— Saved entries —
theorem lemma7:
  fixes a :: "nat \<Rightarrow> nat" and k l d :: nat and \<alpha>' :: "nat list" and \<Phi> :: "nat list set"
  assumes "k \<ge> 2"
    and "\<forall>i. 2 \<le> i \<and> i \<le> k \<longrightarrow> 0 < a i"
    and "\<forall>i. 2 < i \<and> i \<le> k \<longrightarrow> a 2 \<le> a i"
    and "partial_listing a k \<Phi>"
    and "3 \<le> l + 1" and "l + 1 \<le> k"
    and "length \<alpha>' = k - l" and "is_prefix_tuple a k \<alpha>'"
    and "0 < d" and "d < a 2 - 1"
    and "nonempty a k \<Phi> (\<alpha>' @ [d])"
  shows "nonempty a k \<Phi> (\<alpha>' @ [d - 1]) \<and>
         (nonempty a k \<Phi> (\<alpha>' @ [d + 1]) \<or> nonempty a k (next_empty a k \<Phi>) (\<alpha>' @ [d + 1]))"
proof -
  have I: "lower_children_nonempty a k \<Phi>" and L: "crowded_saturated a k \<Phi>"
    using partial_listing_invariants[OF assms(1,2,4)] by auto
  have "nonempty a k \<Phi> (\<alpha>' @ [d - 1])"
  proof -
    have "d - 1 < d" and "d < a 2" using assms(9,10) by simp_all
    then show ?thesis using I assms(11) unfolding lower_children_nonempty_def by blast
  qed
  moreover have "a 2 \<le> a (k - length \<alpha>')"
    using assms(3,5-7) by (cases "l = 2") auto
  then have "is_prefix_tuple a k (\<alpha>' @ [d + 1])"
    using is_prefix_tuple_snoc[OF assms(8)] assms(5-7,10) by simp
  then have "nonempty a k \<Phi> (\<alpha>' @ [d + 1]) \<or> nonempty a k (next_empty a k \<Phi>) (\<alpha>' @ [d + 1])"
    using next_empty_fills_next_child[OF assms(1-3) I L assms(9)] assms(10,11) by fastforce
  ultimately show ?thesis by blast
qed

==

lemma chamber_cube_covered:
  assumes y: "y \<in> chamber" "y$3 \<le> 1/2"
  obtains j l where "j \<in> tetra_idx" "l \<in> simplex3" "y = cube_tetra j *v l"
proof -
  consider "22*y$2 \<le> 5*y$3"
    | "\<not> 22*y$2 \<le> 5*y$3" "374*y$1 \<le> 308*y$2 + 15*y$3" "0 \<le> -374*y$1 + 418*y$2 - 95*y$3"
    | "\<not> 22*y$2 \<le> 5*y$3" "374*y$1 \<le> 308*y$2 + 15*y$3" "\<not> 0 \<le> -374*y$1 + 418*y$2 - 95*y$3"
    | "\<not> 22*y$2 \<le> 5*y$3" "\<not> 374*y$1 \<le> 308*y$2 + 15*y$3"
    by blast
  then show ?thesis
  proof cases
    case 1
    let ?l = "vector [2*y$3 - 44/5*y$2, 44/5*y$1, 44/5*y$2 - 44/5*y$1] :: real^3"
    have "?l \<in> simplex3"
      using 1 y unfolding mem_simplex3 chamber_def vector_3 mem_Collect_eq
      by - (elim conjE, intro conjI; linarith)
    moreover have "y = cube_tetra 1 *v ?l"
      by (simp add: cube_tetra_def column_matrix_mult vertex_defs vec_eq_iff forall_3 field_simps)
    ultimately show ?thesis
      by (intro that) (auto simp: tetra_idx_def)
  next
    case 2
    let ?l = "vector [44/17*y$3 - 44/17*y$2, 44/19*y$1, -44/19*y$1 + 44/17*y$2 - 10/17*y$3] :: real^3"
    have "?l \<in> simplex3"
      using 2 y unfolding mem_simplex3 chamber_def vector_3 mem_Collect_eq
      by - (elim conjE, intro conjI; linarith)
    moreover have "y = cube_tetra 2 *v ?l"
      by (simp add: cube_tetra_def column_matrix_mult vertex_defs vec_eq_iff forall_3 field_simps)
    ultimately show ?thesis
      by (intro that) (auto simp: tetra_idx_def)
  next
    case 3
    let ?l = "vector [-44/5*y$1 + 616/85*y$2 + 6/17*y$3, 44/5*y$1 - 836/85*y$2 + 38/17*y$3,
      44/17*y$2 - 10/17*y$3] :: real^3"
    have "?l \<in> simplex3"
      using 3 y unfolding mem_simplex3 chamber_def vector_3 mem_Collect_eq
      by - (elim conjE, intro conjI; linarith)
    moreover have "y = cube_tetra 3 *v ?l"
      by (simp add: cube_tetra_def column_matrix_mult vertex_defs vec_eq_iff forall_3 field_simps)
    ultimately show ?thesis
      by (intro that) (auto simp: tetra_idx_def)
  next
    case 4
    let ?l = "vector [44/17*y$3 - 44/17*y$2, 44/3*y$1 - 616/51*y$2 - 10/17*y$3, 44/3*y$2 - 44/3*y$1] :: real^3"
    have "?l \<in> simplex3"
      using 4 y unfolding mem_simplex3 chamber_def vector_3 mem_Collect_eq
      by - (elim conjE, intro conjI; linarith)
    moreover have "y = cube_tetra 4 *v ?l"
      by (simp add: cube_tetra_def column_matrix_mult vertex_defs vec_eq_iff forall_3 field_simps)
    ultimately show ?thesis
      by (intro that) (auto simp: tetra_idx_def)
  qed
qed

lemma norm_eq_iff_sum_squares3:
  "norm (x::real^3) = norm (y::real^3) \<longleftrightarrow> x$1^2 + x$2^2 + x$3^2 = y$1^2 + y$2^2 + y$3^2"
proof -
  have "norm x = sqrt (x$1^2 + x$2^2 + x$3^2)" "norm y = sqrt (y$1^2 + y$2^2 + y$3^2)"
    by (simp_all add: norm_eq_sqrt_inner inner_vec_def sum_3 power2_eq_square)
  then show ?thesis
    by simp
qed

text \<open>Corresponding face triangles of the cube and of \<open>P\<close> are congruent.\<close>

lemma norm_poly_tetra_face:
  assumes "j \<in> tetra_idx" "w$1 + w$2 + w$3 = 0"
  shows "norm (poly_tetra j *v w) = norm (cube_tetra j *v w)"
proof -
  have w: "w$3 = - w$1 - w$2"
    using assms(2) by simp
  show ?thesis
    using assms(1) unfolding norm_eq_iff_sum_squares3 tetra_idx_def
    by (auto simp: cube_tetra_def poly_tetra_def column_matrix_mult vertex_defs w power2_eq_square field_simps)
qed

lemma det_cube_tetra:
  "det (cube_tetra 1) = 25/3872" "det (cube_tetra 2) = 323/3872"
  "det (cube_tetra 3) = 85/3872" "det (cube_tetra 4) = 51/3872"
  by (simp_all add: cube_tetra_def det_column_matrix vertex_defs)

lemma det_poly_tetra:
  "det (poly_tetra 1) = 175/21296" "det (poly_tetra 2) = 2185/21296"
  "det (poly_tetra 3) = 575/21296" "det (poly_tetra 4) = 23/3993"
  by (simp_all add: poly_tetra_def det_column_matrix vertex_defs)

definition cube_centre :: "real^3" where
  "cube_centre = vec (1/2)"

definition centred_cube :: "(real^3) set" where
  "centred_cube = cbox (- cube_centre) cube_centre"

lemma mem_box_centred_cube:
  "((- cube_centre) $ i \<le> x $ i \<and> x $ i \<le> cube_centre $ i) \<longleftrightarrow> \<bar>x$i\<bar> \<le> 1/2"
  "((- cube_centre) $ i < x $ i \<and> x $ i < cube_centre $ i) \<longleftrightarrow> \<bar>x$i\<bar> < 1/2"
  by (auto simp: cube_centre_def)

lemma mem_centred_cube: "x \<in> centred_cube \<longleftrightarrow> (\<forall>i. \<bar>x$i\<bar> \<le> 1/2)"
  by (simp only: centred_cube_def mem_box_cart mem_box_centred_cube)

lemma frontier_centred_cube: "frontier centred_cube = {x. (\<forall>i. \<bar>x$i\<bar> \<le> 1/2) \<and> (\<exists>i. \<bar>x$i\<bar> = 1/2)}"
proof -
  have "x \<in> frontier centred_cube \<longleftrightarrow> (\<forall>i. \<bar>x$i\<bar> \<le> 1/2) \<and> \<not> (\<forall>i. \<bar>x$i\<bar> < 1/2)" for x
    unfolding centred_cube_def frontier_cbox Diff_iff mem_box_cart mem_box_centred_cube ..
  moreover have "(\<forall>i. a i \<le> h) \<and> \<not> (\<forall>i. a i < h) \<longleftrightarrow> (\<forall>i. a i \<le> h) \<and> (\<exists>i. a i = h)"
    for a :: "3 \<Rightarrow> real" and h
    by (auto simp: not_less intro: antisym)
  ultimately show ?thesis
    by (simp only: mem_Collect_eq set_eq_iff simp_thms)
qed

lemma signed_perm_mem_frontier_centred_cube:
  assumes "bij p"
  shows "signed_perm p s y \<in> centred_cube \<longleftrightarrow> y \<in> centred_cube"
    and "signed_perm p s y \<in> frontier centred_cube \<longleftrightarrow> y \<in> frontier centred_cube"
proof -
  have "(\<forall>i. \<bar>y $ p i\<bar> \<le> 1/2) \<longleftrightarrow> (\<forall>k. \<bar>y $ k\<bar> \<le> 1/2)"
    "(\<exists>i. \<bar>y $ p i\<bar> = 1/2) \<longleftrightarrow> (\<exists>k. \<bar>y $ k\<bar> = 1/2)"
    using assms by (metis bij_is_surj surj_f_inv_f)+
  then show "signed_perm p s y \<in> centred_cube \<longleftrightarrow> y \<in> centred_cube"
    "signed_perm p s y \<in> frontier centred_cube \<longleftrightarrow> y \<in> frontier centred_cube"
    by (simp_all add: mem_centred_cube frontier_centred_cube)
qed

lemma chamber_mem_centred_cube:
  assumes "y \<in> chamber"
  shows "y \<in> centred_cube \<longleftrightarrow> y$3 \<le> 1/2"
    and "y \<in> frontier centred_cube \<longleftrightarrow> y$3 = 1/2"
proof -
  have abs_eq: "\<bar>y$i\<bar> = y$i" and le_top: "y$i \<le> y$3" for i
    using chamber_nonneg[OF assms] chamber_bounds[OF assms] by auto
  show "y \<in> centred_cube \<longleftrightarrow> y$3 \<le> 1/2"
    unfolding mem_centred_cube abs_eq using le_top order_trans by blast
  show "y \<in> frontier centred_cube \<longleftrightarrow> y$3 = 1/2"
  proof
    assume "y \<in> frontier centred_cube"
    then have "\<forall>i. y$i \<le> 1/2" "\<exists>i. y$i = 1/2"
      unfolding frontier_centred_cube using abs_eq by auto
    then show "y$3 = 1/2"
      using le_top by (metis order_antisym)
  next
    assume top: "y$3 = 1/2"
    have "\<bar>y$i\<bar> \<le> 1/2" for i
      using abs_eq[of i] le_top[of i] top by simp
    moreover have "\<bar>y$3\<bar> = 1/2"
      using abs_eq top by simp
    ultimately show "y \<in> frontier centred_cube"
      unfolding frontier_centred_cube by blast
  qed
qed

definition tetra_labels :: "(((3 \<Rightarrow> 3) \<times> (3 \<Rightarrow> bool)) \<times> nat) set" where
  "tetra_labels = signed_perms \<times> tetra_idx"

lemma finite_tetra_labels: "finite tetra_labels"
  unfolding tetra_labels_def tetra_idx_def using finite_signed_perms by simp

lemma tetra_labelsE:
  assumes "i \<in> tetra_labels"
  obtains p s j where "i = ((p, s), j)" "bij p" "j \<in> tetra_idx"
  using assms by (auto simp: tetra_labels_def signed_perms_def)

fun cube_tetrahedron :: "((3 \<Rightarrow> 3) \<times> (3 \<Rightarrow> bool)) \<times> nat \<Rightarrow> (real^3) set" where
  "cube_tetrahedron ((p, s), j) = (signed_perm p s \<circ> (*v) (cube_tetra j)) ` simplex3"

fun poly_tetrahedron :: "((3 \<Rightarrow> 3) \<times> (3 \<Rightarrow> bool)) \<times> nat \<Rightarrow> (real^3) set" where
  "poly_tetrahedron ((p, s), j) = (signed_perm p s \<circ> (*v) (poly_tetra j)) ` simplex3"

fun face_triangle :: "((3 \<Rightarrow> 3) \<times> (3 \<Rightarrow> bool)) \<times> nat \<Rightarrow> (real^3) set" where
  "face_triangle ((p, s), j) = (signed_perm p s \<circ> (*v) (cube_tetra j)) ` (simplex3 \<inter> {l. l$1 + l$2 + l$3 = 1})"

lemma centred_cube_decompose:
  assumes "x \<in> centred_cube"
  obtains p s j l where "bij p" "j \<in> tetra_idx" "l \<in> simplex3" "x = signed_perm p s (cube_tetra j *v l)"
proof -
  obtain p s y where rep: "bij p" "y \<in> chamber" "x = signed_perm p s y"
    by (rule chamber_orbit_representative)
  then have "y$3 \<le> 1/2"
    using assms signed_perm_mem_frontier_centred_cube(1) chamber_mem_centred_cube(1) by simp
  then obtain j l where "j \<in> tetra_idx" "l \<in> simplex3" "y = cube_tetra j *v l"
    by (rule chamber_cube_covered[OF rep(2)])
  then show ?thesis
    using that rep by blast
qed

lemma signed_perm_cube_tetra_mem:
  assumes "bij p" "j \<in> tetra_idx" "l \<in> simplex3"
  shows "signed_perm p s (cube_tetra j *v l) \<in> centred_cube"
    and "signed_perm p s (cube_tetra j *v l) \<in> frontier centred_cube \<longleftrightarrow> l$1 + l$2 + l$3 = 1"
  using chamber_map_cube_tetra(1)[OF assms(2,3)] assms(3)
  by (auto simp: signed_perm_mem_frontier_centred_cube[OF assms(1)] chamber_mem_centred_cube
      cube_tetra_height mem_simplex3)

==

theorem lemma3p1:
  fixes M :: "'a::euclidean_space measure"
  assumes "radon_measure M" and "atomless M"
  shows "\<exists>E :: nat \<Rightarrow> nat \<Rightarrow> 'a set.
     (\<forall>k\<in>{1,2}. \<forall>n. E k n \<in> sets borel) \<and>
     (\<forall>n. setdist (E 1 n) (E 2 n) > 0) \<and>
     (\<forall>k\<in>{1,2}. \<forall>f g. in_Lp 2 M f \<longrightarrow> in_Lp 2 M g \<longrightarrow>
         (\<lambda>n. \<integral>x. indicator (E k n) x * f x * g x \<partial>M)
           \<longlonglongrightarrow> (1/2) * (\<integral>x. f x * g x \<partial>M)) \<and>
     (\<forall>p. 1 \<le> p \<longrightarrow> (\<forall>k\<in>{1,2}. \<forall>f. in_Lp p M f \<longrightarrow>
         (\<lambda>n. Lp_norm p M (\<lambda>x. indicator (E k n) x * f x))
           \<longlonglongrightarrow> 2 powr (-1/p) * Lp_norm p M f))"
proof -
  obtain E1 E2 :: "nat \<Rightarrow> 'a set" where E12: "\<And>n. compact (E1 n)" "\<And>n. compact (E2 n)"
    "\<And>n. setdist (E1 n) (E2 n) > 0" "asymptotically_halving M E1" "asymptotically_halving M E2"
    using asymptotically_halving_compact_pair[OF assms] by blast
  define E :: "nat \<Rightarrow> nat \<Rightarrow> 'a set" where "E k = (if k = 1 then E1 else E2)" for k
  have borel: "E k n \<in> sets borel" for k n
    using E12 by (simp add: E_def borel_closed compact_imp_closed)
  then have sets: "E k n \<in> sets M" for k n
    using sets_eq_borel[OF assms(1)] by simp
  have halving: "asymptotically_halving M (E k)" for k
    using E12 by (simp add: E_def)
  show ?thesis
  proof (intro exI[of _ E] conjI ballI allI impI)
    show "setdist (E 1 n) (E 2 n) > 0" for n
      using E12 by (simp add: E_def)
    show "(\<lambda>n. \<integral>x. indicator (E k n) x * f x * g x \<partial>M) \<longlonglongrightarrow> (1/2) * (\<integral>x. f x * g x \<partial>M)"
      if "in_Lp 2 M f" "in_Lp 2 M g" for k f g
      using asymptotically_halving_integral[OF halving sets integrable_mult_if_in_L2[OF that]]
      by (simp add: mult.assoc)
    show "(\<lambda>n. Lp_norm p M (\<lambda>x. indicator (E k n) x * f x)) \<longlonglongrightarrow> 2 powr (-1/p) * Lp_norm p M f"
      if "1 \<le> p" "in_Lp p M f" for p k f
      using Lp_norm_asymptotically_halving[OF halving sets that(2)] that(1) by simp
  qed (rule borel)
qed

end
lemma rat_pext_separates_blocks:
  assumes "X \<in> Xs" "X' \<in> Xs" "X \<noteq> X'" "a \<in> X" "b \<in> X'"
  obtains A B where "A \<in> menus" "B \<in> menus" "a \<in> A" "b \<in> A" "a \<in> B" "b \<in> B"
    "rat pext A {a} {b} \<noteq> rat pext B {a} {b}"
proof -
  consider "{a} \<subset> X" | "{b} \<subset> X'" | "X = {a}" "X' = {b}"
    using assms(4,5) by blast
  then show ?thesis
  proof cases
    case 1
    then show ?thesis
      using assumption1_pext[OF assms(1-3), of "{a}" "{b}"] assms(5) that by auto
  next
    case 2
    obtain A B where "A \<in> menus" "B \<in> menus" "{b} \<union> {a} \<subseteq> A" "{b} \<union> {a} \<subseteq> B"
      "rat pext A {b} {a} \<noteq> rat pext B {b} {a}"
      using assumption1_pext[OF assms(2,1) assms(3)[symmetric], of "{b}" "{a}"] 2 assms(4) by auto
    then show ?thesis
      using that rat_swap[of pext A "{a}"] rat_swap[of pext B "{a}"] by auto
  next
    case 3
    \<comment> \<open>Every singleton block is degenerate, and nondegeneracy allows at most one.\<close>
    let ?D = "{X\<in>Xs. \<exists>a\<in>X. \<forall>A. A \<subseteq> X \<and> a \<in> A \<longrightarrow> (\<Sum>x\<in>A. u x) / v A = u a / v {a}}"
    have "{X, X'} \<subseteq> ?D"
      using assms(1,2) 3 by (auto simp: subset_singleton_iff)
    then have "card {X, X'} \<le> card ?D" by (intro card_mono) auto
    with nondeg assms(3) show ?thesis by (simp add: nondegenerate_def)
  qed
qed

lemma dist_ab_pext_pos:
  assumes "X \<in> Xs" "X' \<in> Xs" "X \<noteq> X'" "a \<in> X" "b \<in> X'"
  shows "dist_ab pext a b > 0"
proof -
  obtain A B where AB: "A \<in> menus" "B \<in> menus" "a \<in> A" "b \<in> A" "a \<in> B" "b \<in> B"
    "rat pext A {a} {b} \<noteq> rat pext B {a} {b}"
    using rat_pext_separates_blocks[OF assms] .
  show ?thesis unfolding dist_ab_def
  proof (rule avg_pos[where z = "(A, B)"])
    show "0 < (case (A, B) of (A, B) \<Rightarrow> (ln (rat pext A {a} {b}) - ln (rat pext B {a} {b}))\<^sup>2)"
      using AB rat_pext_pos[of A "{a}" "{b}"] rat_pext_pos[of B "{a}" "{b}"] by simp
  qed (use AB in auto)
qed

— WHAT THE TASK REQUIRES —
Return the lines above that include the string "subseteq".

— ANSWER —
    obtain A B where "A \<in> menus" "B \<in> menus" "{b} \<union> {a} \<subseteq> A" "{b} \<union> {a} \<subseteq> B"
    let ?D = "{X\<in>Xs. \<exists>a\<in>X. \<forall>A. A \<subseteq> X \<and> a \<in> A \<longrightarrow> (\<Sum>x\<in>A. u x) / v A = u a / v {a}}"
    have "{X, X'} \<subseteq> ?D"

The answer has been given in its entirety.